When the data is rolled from hot to warm will these directories be deleted and cause my disk usage to do down or stay around the same since I will still be indexing more raw data ?
Following on from gkanapathy -
When Splunk moves data from the Hot DB to the Warm DB, nothing is deleted - it is simply moved
When Splunk moves data from the Warm DB to the Cold DB, nothing is deleted - it is simply moved
When Splunk "retires" data from the Cold DB, it will be deleted unless you have configured a
coldToFrozenScript in indexes.conf. This is done as part of a larger exercise to configure your data retirement policy, click here to learn more about this subject.
A follow on page from the above link is this one, which will tell you how to set up your script, and some other options you may want to consider.
The main thing to understand here are the states through which your data moves as Splunk is indexing it and as it ages. You can't keep data in the warm DB forever unless you have a lot of space or are indexing very little, so you need to consider how much space you want to use and how often you want to access it. If you usually run searches on data from the last week or two, then that's all you really need to keep in the hot & warm DB's and you can move your cold DB off to a cheap NFS location somewhere.
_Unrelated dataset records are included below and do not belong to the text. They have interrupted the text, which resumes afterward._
lemma lipschitz_lift_finite:
  fixes rep :: "real \<Rightarrow> 'm"
  assumes lip: "\<And>x y. x \<in> A \<Longrightarrow> y \<in> A \<Longrightarrow> quot_dist (orbit (rep x)) (orbit (rep y)) \<le> L * dist x y"
  shows "finite F \<Longrightarrow> F \<subseteq> A \<Longrightarrow>
    \<exists>s. (\<forall>a. s a \<in> orbit (rep a)) \<and> (\<forall>a\<in>F. \<forall>b\<in>F. dist (s a) (s b) \<le> L * dist a b)"
proof (induction F rule: finite_linorder_max_induct)
  case empty
  show ?case
    using orbit_self by blast
next
  case (insert b F)
  then obtain s where s: "\<forall>a. s a \<in> orbit (rep a)" "\<forall>a\<in>F. \<forall>c\<in>F. dist (s a) (s c) \<le> L * dist a c"
    by blast
  show ?case
  proof (cases "F = {}")
    case True
    then show ?thesis
      using s(1) by auto
  next
    case False
    define m where "m = Max F"
    have m: "m \<in> F" "\<forall>a\<in>F. a \<le> m" "m < b"
      using False insert.hyps m_def by auto
    obtain z where z: "z \<in> orbit (rep b)" "dist (s m) z = quot_dist (orbit (s m)) (orbit (rep b))"
      using quot_dist_orbit_attained by blast
    have "m \<in> A" "b \<in> A"
      using m(1) insert.prems by auto
    then have "dist (s m) z \<le> L * (b - m)"
      using z(2) orbit_eq[OF s(1)[rule_format, of m]] lip[of m b] m(3)
      by (simp add: dist_real_def)
    then show ?thesis
      using lipschitz_bound_fun_upd_above_Max[OF s(2) m] s(1) z(1)
      by (intro exI[of _ "s(b := z)"]) simp
  qed
qed

lemma lipschitz_lift:
  fixes rep :: "real \<Rightarrow> 'm"
  assumes "\<And>x y. x \<in> A \<Longrightarrow> y \<in> A \<Longrightarrow> quot_dist (orbit (rep x)) (orbit (rep y)) \<le> L * dist x y"
  shows "\<exists>s. (\<forall>a. s a \<in> orbit (rep a)) \<and> (\<forall>a\<in>A. \<forall>b\<in>A. dist (s a) (s b) \<le> L * dist a b)"
  using lipschitz_selection_of_finite_selections[OF compact_orbit lipschitz_lift_finite[OF assms]] .

lemma purely_1_unrectifiable_orbit_space:
  assumes "purely_1_unrectifiable (UNIV :: 'm set) dist"
  shows "purely_1_unrectifiable (range orbit) quot_dist"
  unfolding purely_1_unrectifiable_def
proof (intro allI impI)
  fix A :: "real set" and f :: "real \<Rightarrow> 'm set" and L :: real
  assume f: "f ` A \<subseteq> range orbit \<and> (\<forall>x\<in>A. \<forall>y\<in>A. quot_dist (f x) (f y) \<le> L * dist x y)"
  then have "\<forall>a\<in>A. \<exists>x. f a = orbit x"
    by blast
  then obtain rep where rep: "\<And>a. a \<in> A \<Longrightarrow> f a = orbit (rep a)"
    by metis
  have "quot_dist (orbit (rep x)) (orbit (rep y)) \<le> L * dist x y" if "x \<in> A" "y \<in> A" for x y
    using f that by (simp add: rep)
  then obtain s where s: "\<forall>a. s a \<in> orbit (rep a)" "\<forall>a\<in>A. \<forall>b\<in>A. dist (s a) (s b) \<le> L * dist a b"
    using lipschitz_lift by blast
  have "hausdorff1 UNIV dist (s ` A) = 0"
    using assms s(2) unfolding purely_1_unrectifiable_def by blast
  moreover have "f ` A \<subseteq> orbit ` s ` A"
  proof
    fix X assume "X \<in> f ` A"
    then obtain a where "a \<in> A" "X = orbit (rep a)"
      using rep by blast
    then show "X \<in> orbit ` s ` A"
      using orbit_eq[OF s(1)[rule_format, of a]] by blast
  qed
  then have "hausdorff1 (range orbit) quot_dist (f ` A) \<le> hausdorff1 UNIV dist (s ` A)"
    using quot_dist_orbit_le by (intro hausdorff1_image_le) auto
  ultimately show "hausdorff1 (range orbit) quot_dist (f ` A) = 0"
    by simp
qed

end

theorem corollary4p11:
  fixes act :: "'g::{topological_group_add, t2_space} \<Rightarrow> 'm::metric_space \<Rightarrow> 'm"
  assumes G_compact: "compact (UNIV :: 'g set)"
    and act_zero: "\<And>x. act 0 x = x"
    and act_add: "\<And>g h x. act (g + h) x = act g (act h x)"
    and act_cont: "continuous_on UNIV (\<lambda>p :: 'g \<times> 'm. act (fst p) (snd p))"
    and act_isom: "\<And>g x y. dist (act g x) (act g y) = dist x y"
    and proper: "\<And>(x :: 'm) r. compact (cball x r)"
    and pu: "purely_1_unrectifiable (UNIV :: 'm set) dist"
  shows "purely_1_unrectifiable (orbit_closures act) quot_dist"
proof -
  interpret compact_isometric_action act
    using G_compact act_zero act_add act_cont act_isom by unfold_locales
  show ?thesis
    using purely_1_unrectifiable_orbit_space[OF pu] by (simp add: orbit_closures_eq)
qed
Searching data on a NFS location, is slower than local disk, so if you're going to be regularly searching over data from the last 3 - 6 months and speed is important to you, then you will want to size your Splunk server accordingly and give it a lot of local storage.
RAID 5 is not a good storage solution for Splunk, as it is slow, and Splunk can only work as fast as the storage volume can, so if you're interested in fast performance, don't go down that route.
Another consideration is 100GB of data doesn't necessarily equate to 100GB of disk-space when indexed. The compression ratio depends on the data, but you could find that 100GB equates to 50GB of space within
$SPLUNK_DB. The only way to know for sure, is to run some tests with known data volumes.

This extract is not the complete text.